#### TASK GOAL:
Of the entries below, copy only those lines that contain the word "subseteq".
EXCERPTED RECORDS START
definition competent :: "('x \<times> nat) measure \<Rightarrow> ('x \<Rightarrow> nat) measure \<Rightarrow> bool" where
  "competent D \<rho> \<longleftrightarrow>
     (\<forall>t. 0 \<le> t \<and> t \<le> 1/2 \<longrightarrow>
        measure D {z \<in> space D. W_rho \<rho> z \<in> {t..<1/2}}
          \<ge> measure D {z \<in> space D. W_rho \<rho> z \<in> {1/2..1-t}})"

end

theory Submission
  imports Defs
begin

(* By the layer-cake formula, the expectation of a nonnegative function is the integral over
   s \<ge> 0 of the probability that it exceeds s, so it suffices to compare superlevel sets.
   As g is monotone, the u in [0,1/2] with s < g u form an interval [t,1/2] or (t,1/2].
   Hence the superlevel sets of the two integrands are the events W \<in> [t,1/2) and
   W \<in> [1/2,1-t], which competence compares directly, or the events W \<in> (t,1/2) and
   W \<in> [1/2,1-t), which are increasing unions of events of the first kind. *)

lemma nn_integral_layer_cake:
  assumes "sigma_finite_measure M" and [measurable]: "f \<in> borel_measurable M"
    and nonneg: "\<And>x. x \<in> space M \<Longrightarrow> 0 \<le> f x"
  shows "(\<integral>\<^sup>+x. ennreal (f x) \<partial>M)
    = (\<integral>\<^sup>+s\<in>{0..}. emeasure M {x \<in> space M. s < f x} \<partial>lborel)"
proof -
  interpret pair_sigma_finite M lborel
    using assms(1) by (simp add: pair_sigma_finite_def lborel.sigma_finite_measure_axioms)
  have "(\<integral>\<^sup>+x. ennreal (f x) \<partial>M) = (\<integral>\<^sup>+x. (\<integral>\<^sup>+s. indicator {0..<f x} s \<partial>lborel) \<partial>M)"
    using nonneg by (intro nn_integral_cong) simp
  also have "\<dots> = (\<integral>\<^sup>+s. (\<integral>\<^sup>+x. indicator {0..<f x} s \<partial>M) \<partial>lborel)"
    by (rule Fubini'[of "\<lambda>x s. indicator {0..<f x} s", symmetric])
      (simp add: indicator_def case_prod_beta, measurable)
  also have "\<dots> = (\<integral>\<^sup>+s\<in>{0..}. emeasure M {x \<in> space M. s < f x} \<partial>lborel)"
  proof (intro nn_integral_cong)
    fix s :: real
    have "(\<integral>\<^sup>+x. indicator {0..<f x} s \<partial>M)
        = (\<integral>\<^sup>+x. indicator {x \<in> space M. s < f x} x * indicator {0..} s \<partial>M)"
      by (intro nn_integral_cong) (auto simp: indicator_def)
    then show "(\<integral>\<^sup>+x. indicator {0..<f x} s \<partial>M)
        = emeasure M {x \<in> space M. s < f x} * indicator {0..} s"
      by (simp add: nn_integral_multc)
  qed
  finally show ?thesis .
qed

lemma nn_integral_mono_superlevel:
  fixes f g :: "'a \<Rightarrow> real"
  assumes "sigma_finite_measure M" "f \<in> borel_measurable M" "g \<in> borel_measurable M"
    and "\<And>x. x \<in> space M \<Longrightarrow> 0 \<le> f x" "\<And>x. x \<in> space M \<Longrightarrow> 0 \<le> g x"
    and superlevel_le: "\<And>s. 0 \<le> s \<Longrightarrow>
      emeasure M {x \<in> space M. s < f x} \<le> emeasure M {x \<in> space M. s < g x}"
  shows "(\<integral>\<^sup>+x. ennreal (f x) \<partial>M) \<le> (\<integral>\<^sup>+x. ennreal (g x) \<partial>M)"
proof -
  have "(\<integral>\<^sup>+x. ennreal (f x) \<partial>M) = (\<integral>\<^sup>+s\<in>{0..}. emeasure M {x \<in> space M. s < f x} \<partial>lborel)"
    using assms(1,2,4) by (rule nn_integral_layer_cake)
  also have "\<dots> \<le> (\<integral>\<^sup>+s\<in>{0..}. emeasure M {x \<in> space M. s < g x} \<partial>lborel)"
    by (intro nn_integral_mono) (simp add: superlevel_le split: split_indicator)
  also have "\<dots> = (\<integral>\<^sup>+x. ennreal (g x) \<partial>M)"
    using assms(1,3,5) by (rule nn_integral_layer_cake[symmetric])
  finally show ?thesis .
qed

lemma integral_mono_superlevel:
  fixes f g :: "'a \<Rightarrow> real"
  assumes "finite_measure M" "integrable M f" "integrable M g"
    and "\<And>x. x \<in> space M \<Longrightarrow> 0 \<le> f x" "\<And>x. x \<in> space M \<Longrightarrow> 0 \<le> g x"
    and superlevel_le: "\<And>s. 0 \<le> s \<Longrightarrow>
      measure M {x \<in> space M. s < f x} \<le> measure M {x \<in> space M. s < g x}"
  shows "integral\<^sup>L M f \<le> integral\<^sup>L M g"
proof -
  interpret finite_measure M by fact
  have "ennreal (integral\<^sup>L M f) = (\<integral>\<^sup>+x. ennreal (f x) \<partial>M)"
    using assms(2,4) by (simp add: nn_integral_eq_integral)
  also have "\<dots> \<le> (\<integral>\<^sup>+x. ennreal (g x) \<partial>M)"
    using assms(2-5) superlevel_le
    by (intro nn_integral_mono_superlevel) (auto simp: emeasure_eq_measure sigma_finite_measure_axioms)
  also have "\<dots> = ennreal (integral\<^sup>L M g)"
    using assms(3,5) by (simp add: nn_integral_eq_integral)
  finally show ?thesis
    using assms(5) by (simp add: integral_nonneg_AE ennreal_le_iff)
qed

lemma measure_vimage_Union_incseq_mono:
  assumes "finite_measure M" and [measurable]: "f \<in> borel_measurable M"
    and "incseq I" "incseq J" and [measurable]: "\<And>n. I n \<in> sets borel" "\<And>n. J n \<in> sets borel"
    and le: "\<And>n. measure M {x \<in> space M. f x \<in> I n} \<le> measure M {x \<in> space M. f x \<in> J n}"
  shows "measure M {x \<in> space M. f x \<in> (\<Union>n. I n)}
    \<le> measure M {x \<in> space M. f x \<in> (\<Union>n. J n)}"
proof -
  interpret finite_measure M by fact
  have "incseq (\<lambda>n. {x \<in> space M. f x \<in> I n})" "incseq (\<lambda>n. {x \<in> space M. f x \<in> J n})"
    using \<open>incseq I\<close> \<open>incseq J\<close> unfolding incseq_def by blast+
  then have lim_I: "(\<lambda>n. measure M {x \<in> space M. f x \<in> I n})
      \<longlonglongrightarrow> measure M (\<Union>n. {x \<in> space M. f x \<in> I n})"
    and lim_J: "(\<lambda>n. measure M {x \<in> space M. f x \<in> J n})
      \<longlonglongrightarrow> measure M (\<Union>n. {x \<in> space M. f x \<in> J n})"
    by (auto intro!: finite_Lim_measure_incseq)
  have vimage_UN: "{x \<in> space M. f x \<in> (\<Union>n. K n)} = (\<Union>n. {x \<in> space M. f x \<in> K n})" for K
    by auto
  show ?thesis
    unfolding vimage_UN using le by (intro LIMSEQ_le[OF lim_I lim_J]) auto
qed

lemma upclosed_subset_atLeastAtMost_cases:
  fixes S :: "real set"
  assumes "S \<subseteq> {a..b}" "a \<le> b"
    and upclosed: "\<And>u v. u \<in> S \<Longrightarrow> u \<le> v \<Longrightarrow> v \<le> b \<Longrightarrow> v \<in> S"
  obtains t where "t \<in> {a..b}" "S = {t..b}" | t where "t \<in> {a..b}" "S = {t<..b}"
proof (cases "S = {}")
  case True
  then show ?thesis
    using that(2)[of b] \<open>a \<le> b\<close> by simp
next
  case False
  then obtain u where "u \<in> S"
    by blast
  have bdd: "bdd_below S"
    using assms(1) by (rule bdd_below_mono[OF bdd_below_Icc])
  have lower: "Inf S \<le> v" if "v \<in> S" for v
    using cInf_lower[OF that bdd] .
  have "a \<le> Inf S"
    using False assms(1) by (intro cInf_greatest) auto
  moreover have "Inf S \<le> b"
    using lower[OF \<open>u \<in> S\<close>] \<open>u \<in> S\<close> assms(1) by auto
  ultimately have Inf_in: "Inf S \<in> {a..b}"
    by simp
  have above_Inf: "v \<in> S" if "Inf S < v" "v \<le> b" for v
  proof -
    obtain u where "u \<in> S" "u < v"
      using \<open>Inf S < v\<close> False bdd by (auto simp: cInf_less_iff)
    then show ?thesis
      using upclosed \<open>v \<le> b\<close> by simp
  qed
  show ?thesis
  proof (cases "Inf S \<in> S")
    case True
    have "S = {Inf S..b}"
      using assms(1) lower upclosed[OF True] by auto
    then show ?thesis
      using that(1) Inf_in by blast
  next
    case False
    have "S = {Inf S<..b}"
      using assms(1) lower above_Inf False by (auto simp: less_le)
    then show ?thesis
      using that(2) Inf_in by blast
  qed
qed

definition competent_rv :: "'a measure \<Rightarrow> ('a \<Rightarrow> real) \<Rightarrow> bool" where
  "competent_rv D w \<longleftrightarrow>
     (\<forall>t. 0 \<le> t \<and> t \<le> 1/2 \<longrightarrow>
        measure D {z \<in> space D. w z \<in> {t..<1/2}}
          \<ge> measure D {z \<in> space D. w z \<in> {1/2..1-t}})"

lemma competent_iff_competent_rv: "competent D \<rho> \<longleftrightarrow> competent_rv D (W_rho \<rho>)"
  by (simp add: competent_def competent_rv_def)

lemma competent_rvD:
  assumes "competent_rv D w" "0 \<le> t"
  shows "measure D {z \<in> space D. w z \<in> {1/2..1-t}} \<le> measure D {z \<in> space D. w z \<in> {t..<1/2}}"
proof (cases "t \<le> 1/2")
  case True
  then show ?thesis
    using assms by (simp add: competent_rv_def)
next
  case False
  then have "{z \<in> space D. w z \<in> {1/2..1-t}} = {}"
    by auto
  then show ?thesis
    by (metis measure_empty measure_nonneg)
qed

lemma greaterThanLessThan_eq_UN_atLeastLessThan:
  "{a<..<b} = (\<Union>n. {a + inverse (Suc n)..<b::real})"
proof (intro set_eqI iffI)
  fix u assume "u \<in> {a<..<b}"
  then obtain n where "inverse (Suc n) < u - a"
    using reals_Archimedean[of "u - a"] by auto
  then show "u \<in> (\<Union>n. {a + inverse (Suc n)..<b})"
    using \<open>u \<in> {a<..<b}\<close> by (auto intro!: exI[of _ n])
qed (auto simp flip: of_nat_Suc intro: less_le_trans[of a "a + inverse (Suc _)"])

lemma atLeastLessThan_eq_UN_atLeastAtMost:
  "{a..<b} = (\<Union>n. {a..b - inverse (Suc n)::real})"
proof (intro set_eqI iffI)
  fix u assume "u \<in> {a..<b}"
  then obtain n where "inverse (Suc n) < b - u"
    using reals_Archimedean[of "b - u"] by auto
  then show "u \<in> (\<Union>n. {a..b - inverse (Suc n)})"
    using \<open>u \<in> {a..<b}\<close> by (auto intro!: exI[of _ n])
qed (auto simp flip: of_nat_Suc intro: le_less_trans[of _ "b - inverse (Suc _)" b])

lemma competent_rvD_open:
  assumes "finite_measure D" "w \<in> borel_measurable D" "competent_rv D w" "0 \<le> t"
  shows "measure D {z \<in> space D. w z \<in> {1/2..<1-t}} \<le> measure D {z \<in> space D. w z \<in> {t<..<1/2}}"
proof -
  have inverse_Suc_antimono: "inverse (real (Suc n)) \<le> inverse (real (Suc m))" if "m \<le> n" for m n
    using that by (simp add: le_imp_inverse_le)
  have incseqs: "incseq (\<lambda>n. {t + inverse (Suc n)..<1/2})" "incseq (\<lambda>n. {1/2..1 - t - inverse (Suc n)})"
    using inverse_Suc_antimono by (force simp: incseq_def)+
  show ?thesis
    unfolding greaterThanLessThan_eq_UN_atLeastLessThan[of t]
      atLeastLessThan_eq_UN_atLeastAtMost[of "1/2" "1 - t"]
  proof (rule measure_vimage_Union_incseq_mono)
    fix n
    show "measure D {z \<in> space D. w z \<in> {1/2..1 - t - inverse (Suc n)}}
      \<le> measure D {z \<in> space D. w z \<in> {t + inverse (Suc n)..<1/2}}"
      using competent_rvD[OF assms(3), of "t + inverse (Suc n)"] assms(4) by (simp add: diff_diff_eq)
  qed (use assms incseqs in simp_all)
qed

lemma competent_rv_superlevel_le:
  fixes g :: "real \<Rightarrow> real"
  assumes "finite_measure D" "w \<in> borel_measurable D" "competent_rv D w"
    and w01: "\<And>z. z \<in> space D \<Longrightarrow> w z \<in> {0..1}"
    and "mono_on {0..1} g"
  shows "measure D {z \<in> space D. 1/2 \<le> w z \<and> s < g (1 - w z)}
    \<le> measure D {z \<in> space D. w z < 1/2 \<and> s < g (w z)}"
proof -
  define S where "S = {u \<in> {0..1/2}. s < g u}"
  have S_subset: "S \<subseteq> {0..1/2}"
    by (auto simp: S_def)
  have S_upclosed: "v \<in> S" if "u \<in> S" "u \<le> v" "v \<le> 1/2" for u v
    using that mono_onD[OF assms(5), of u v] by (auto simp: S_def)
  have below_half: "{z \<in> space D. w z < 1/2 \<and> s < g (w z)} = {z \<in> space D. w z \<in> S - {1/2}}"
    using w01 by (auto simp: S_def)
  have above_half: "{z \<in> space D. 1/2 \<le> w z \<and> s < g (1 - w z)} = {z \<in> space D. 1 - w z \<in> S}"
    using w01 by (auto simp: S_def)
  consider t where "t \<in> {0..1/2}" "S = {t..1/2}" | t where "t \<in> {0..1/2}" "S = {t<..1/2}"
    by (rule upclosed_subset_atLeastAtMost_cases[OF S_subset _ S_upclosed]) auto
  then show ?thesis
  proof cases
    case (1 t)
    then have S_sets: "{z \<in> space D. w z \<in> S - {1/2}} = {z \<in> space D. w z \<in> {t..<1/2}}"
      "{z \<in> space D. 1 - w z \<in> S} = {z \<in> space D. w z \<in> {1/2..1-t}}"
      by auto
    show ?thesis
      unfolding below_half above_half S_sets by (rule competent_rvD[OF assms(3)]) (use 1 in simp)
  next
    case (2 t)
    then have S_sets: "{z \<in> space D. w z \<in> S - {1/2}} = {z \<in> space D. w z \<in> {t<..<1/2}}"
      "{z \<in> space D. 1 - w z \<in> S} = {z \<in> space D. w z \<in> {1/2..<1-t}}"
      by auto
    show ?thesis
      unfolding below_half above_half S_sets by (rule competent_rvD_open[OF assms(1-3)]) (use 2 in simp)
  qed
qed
EXCERPTED RECORDS END
EXCERPTED RECORDS START
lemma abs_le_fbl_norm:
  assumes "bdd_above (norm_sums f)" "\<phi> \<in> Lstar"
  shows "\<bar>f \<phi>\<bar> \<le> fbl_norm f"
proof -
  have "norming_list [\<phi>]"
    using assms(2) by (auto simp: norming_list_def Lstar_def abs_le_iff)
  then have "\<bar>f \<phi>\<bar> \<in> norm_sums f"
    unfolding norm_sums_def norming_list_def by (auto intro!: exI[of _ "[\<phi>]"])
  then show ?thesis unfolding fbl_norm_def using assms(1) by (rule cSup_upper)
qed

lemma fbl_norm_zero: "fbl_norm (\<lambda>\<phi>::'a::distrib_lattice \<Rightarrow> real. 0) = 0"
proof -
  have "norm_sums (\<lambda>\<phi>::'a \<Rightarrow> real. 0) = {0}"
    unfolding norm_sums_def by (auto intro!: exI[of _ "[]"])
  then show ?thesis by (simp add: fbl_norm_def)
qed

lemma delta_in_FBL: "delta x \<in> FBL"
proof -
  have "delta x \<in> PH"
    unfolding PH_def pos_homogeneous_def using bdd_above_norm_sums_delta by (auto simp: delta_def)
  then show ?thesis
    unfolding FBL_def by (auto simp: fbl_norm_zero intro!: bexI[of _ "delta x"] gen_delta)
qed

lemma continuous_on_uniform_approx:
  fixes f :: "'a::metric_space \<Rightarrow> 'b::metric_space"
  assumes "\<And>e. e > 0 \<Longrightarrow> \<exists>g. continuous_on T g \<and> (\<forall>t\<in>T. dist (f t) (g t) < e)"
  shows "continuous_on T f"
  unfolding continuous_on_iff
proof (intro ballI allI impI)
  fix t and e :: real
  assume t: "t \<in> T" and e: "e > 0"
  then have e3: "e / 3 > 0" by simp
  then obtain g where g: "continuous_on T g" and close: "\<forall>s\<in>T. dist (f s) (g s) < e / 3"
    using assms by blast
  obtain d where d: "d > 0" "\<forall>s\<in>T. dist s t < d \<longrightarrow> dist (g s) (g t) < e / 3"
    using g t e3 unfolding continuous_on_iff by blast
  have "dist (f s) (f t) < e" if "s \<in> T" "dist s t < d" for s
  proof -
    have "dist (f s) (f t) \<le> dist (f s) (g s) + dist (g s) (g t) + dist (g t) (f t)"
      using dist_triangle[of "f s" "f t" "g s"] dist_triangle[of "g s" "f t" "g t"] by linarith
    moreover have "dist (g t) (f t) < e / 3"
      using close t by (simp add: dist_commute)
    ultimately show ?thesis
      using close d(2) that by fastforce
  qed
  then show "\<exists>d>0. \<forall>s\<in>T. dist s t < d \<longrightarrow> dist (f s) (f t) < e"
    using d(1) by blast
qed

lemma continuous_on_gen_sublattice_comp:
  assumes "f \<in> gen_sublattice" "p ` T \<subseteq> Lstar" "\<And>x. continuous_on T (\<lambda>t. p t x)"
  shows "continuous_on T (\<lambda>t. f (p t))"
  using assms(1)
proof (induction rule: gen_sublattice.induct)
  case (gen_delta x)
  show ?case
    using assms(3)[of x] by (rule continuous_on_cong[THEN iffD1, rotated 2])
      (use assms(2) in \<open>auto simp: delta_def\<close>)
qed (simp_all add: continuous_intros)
EXCERPTED RECORDS END
#### REPLY:
  assumes "S \<subseteq> {a..b}" "a \<le> b"
  have S_subset: "S \<subseteq> {0..1/2}"
  assumes "f \<in> gen_sublattice" "p ` T \<subseteq> Lstar" "\<And>x. continuous_on T (\<lambda>t. p t x)"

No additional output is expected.